# Hot smoked Salmon



## bratrules (Apr 23, 2011)

Here's some salmon i hot smoked today at 275 for about 1 1/2 hours!! i brined for 3 hours in kosher salt, brown sugar, garlic powder, and black pepper. then i dried it and added some paprika and more black pepper.


----------



## fester (Apr 23, 2011)

Very nice I will have to try this!!!


----------



## boykjo (Apr 23, 2011)

lookin good bratrules


----------



## SmokinAl (Apr 23, 2011)

Excellent looking salmon!

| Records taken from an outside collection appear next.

lemma emeasure_lborel_cube:
  fixes x0 :: "real ^ 'n::finite"
  assumes "0 \<le> \<delta>"
  shows "emeasure lborel (cbox x0 (\<chi> i. x0 $ i + \<delta>)) = ennreal (\<delta> ^ CARD('n))"
proof -
  have "x0 \<in> cbox x0 (\<chi> i. x0 $ i + \<delta>)" using assms by (simp add: mem_box_cart)
  then have "cbox x0 (\<chi> i. x0 $ i + \<delta>) \<noteq> {}" by auto
  then have "measure lborel (cbox x0 (\<chi> i. x0 $ i + \<delta>)) = \<delta> ^ CARD('n)"
    by (simp add: content_cbox_cart)
  moreover have "emeasure lborel (cbox x0 (\<chi> i. x0 $ i + \<delta>)) = ennreal (measure lborel (cbox x0 (\<chi> i. x0 $ i + \<delta>)))"
    using emeasure_lborel_cbox_finite[of x0 "\<chi> i. x0 $ i + \<delta>"] by (intro emeasure_eq_ennreal_measure) auto
  ultimately show ?thesis by simp
qed

lemma exists_fooling_function:
  fixes \<xi> :: "(real ^ 'n::finite) list" and N :: nat
  assumes "1 \<le> N" "length \<xi> < (N + 1) ^ CARD('n)" "0 < \<beta>" "\<beta> \<le> 1" "0 < r"
  shows "\<exists>F Q. F \<in> A_class r \<beta> \<and> (\<lambda>x. - F x) \<in> A_class r \<beta> \<and> (\<forall>y\<in>set \<xi>. F y = 0) \<and>
           F \<in> borel_measurable lborel \<and> Q \<in> sets lborel \<and> Q \<subseteq> torus \<and>
           emeasure lborel Q = ennreal (bump_width CARD('n) N ^ CARD('n)) \<and>
           (\<forall>x\<in>Q. bump_height CARD('n) \<beta> r N \<le> norm (F x))"
proof -
  define B2 :: "(int ^ 'n) set" where "B2 = Pi_vec {0..2 * int N}"
  obtain e x0 where x0: "x0 \<in> grid (2 * N + 1)" and peak: "norm (trig_poly e B2 x0) = 1"
    and vanish: "\<forall>y\<in>set \<xi>. trig_poly e B2 y = 0"
    and l2: "(\<Sum>k\<in>B2. (norm (e k))\<^sup>2) \<le> 1 / real ((N + 1) ^ CARD('n))"
    using exists_localized_vanishing_trig_poly[OF assms(2)] unfolding B2_def by blast
  define \<kappa> where "\<kappa> = 2 * bump_height CARD('n) \<beta> r N"
  have "\<kappa> > 0" using assms(1) by (simp add: \<kappa>_def bump_height_def)
  define F where "F = trig_poly (\<lambda>k. \<kappa> * e k) B2"
  have "(\<lambda>x. - F x) = trig_poly (\<lambda>k. - 1 * (\<kappa> * e k)) B2"
    by (simp add: F_def trig_poly_def fun_eq_iff sum_negf[symmetric])
  then have "F \<in> A_class r \<beta>" "(\<lambda>x. - F x) \<in> A_class r \<beta>"
    using scaled_trig_poly_in_A_class[where s = 1, OF assms(1,3-5) _ l2[unfolded B2_def]]
      scaled_trig_poly_in_A_class[where s = "- 1", OF assms(1,3-5) _ l2[unfolded B2_def]]
    by (simp_all add: F_def \<kappa>_def B2_def)
  moreover have "\<forall>y\<in>set \<xi>. F y = 0"
    using vanish by (simp add: F_def trig_poly_def mult.assoc flip: sum_distrib_left)
  moreover have "F \<in> borel_measurable lborel"
    unfolding F_def by (rule borel_measurable_trig_poly)
  moreover have "\<forall>x\<in>cbox x0 (\<chi> i. x0 $ i + bump_width CARD('n) N). bump_height CARD('n) \<beta> r N \<le> norm (F x)"
  proof
    fix x assume "x \<in> cbox x0 (\<chi> i. x0 $ i + bump_width CARD('n) N)"
    moreover have "norm (F x0) = \<kappa>"
      using peak \<open>\<kappa> > 0\<close> by (simp add: F_def trig_poly_def mult.assoc norm_mult flip: sum_distrib_left)
    moreover have "(\<Sum>k\<in>B2. norm (\<kappa> * e k)) \<le> 2 ^ CARD('n) * \<kappa>"
      using sum_norm_le_of_sum_squares_le[OF assms(1) l2[unfolded B2_def]] \<open>\<kappa> > 0\<close>
      by (simp add: B2_def norm_mult sum_distrib_left[symmetric] mult.commute)
    ultimately show "bump_height CARD('n) \<beta> r N \<le> norm (F x)"
      using norm_trig_poly_ge_on_cube[OF assms(1), of B2 "\<lambda>k. \<kappa> * e k" x0 x]
      by (auto simp: F_def \<kappa>_def B2_def Pi_vec_def)
  qed
  moreover have "cbox x0 (\<chi> i. x0 $ i + bump_width CARD('n) N) \<subseteq> torus"
    using assms(1) bump_width_less_grid_step[OF _ assms(1), of "CARD('n)"]
    by (intro cbox_at_grid_point_subset_torus[OF x0]) (auto simp: bump_width_def Suc_le_eq)
  ultimately show ?thesis
    by (intro exI[of _ F] exI[of _ "cbox x0 (\<chi> i. x0 $ i + bump_width CARD('n) N)"])
       (simp add: emeasure_lborel_cube bump_width_def)
qed

section \<open>The rate\<close>

lemma rho_o_A_class_ge_bump:
  fixes p :: ennreal
  assumes "1 \<le> N" "m < (N + 1) ^ CARD('n::finite)" "0 < \<beta>" "\<beta> \<le> 1" "0 < r" "0 < p"
  shows "ennreal (bump_height CARD('n) \<beta> r N * (bump_width CARD('n) N ^ CARD('n) / (2 * (2 * pi) ^ CARD('n))) powr inv_exp p)
       \<le> rho_o m (A_class r \<beta> :: (real ^ 'n \<Rightarrow> complex) set) p"
  using assms
  by (intro rho_o_ge_of_fooling_pairs exists_fooling_function) (simp_all add: bump_width_def bump_height_def)

lemma exists_bump_size:
  fixes m d :: nat
  assumes "1 \<le> m" "1 \<le> d"
  obtains N :: nat where "1 \<le> N" "m < (N + 1) ^ d" "real N \<le> 2 * real m powr (1 / real d)"
proof
  define x where "x = real m powr (1 / real d)"
  have "x \<ge> 1" unfolding x_def using assms by (intro ge_one_powr_ge_zero) auto
  then have N: "x \<le> real (nat \<lceil>x\<rceil>)" "real (nat \<lceil>x\<rceil>) < x + 1" by linarith+
  then have "1 \<le> real (nat \<lceil>x\<rceil>)" using \<open>x \<ge> 1\<close> by linarith
  then show "1 \<le> nat \<lceil>x\<rceil>" by simp
  show "real (nat \<lceil>x\<rceil>) \<le> 2 * real m powr (1 / real d)"
    using N \<open>x \<ge> 1\<close> by (simp add: x_def)
  have "real m = x ^ d"
    using assms by (simp add: x_def powr_powr flip: powr_realpow)
  also have "\<dots> < (real (nat \<lceil>x\<rceil>) + 1) ^ d"
  proof (rule power_strict_mono)
    show "x < real (nat \<lceil>x\<rceil>) + 1" using N(1) by linarith
  qed (use \<open>x \<ge> 1\<close> assms(2) in auto)
  also have "\<dots> = real ((nat \<lceil>x\<rceil> + 1) ^ d)"
    by (simp add: add.commute)
  finally show "m < (nat \<lceil>x\<rceil> + 1) ^ d"
    by (simp only: of_nat_less_iff)
qed

lemma bump_bound_ge_powr:
  fixes d :: nat and \<beta> r \<iota> :: real
  assumes "1 \<le> d" "0 \<le> \<iota>" "0 < \<beta>" "\<beta> \<le> 1" "0 < r"
  shows "\<exists>C>0. \<forall>m N. 1 \<le> m \<longrightarrow> 1 \<le> N \<longrightarrow> real N \<le> 2 * real m powr (1 / real d) \<longrightarrow>
           C * real m powr (1 - \<iota> - 1 / \<beta> - r / real d)
             \<le> bump_height d \<beta> r N * (bump_width d N ^ d / (2 * (2 * pi) ^ d)) powr \<iota>"
proof -
  define e where "e = 1 - \<iota> - 1 / \<beta> - r / real d"
  define K1 where "K1 = 8 powr (- r) * 3 powr (- real d * (1 / \<beta> - 1 / 2)) / 2"
  define K2 where "K2 = (1 / (2 ^ (d + 2) * real d)) ^ d / (2 * (2 * pi) ^ d)"
  have "K1 > 0" "K2 > 0" using assms(1) by (simp_all add: K1_def K2_def)
  have "1 \<le> 1 / \<beta>" "0 < r / real d" using assms by simp_all
  then have "e \<le> 0" using assms(2) by (simp add: e_def)
  have "K1 * K2 powr \<iota> * 2 powr (real d * e) * real m powr e
          \<le> bump_height d \<beta> r N * (bump_width d N ^ d / (2 * (2 * pi) ^ d)) powr \<iota>"
    if "1 \<le> m" "1 \<le> N" "real N \<le> 2 * real m powr (1 / real d)" for m N :: nat
  proof -
    have "2 powr (real d * e) * real m powr e = (2 * real m powr (1 / real d)) powr (real d * e)"
      using that(1) assms(1) by (simp add: powr_mult powr_powr)
    also have "\<dots> \<le> real N powr (real d * e)"
      using that \<open>e \<le> 0\<close> by (intro powr_mono2') (auto simp: mult_nonneg_nonpos)
    also have "\<dots> = real N powr (real d - real d / \<beta> - r) * (real N powr (- real d)) powr \<iota>"
    proof -
      have "real d * e = (real d - real d / \<beta> - r) + - real d * \<iota>"
        using assms(1) by (simp add: e_def field_simps)
      then show ?thesis by (simp only: powr_add powr_powr)
    qed
    finally have "K1 * K2 powr \<iota> * (2 powr (real d * e) * real m powr e)
        \<le> K1 * real N powr (real d - real d / \<beta> - r) * (K2 * real N powr (- real d)) powr \<iota>"
      using \<open>K1 > 0\<close> \<open>K2 > 0\<close> that(2) by (simp add: powr_mult mult_left_mono mult_ac)
    also have "K2 * real N powr (- real d) = bump_width d N ^ d / (2 * (2 * pi) ^ d)"
      using that(2) by (simp add: K2_def bump_width_def powr_minus powr_realpow power_divide field_simps)
    finally show ?thesis by (simp add: bump_height_def K1_def mult_ac)
  qed
  moreover have "K1 * K2 powr \<iota> * 2 powr (real d * e) > 0"
    using \<open>K1 > 0\<close> \<open>K2 > 0\<close> by simp
  ultimately show ?thesis unfolding e_def by blast
qed

theorem proposition5p6:
  fixes \<beta> r :: real and p :: ennreal
  assumes "0 < \<beta>" and "\<beta> \<le> 1" and "0 < r" and "2 \<le> p"
  shows "\<exists>c>0. \<forall>m::nat.
     ennreal (c * real m powr (1 - inv_exp p - 1 / \<beta> - r / real CARD('n::finite)))
       \<le> rho_o m (A_class r \<beta> :: (real ^ 'n \<Rightarrow> complex) set) p"
proof -
  let ?d = "CARD('n)"
  have "1 \<le> ?d" by (simp add: Suc_le_eq)
  have "0 < p" by (rule less_le_trans[OF _ assms(4)]) simp
  have "0 \<le> inv_exp p" by (simp add: inv_exp_def enn2real_nonneg)
  obtain C where "C > 0" and C: "\<And>m N. 1 \<le> m \<Longrightarrow> 1 \<le> N \<Longrightarrow> real N \<le> 2 * real m powr (1 / real ?d) \<Longrightarrow>
      C * real m powr (1 - inv_exp p - 1 / \<beta> - r / real ?d)
        \<le> bump_height ?d \<beta> r N * (bump_width ?d N ^ ?d / (2 * (2 * pi) ^ ?d)) powr inv_exp p"
    using bump_bound_ge_powr[OF \<open>1 \<le> ?d\<close> \<open>0 \<le> inv_exp p\<close> assms(1-3)] by blast
  have "ennreal (C * real m powr (1 - inv_exp p - 1 / \<beta> - r / real ?d)) \<le> rho_o m (A_class r \<beta> :: (real ^ 'n \<Rightarrow> complex) set) p" for m
  proof (cases "m = 0")
    case False
    then obtain N where N: "1 \<le> N" "m < (N + 1) ^ ?d" "real N \<le> 2 * real m powr (1 / real ?d)"
      using exists_bump_size[of m ?d] \<open>1 \<le> ?d\<close> by auto
    have "ennreal (C * real m powr (1 - inv_exp p - 1 / \<beta> - r / real ?d))
        \<le> ennreal (bump_height ?d \<beta> r N * (bump_width ?d N ^ ?d / (2 * (2 * pi) ^ ?d)) powr inv_exp p)"
      using C[OF _ N(1,3)] False by (intro ennreal_leI) simp
    also have "\<dots> \<le> rho_o m (A_class r \<beta> :: (real ^ 'n \<Rightarrow> complex) set) p"
      by (rule rho_o_A_class_ge_bump[OF N(1,2) assms(1-3) \<open>0 < p\<close>])
    finally show ?thesis .
  qed simp
  with \<open>C > 0\<close> show ?thesis by blast
qed

end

One of my favorites for sure!


----------



## les3176 (Apr 23, 2011)

I'll take a hunk of that!!!


----------



## meateater (Apr 23, 2011)

Salmon Is Good Stuff!!! Nice.


----------



## fife (Apr 24, 2011)

Sure does look good.


----------



## coco (Apr 24, 2011)

Wow that looks great!  I'll have to do that soon.  I once hot smoked salmon when the inlaws came over for dinner.  My wife told me to also grill a piece since her parents might not liked the smoked fish.  Well...I had a lot of grilled salmon for leftovers.  I only got a small sample of the smoked stuff myself.  :)


----------



## beer-b-q (Apr 24, 2011)

Dayum that looks great...


----------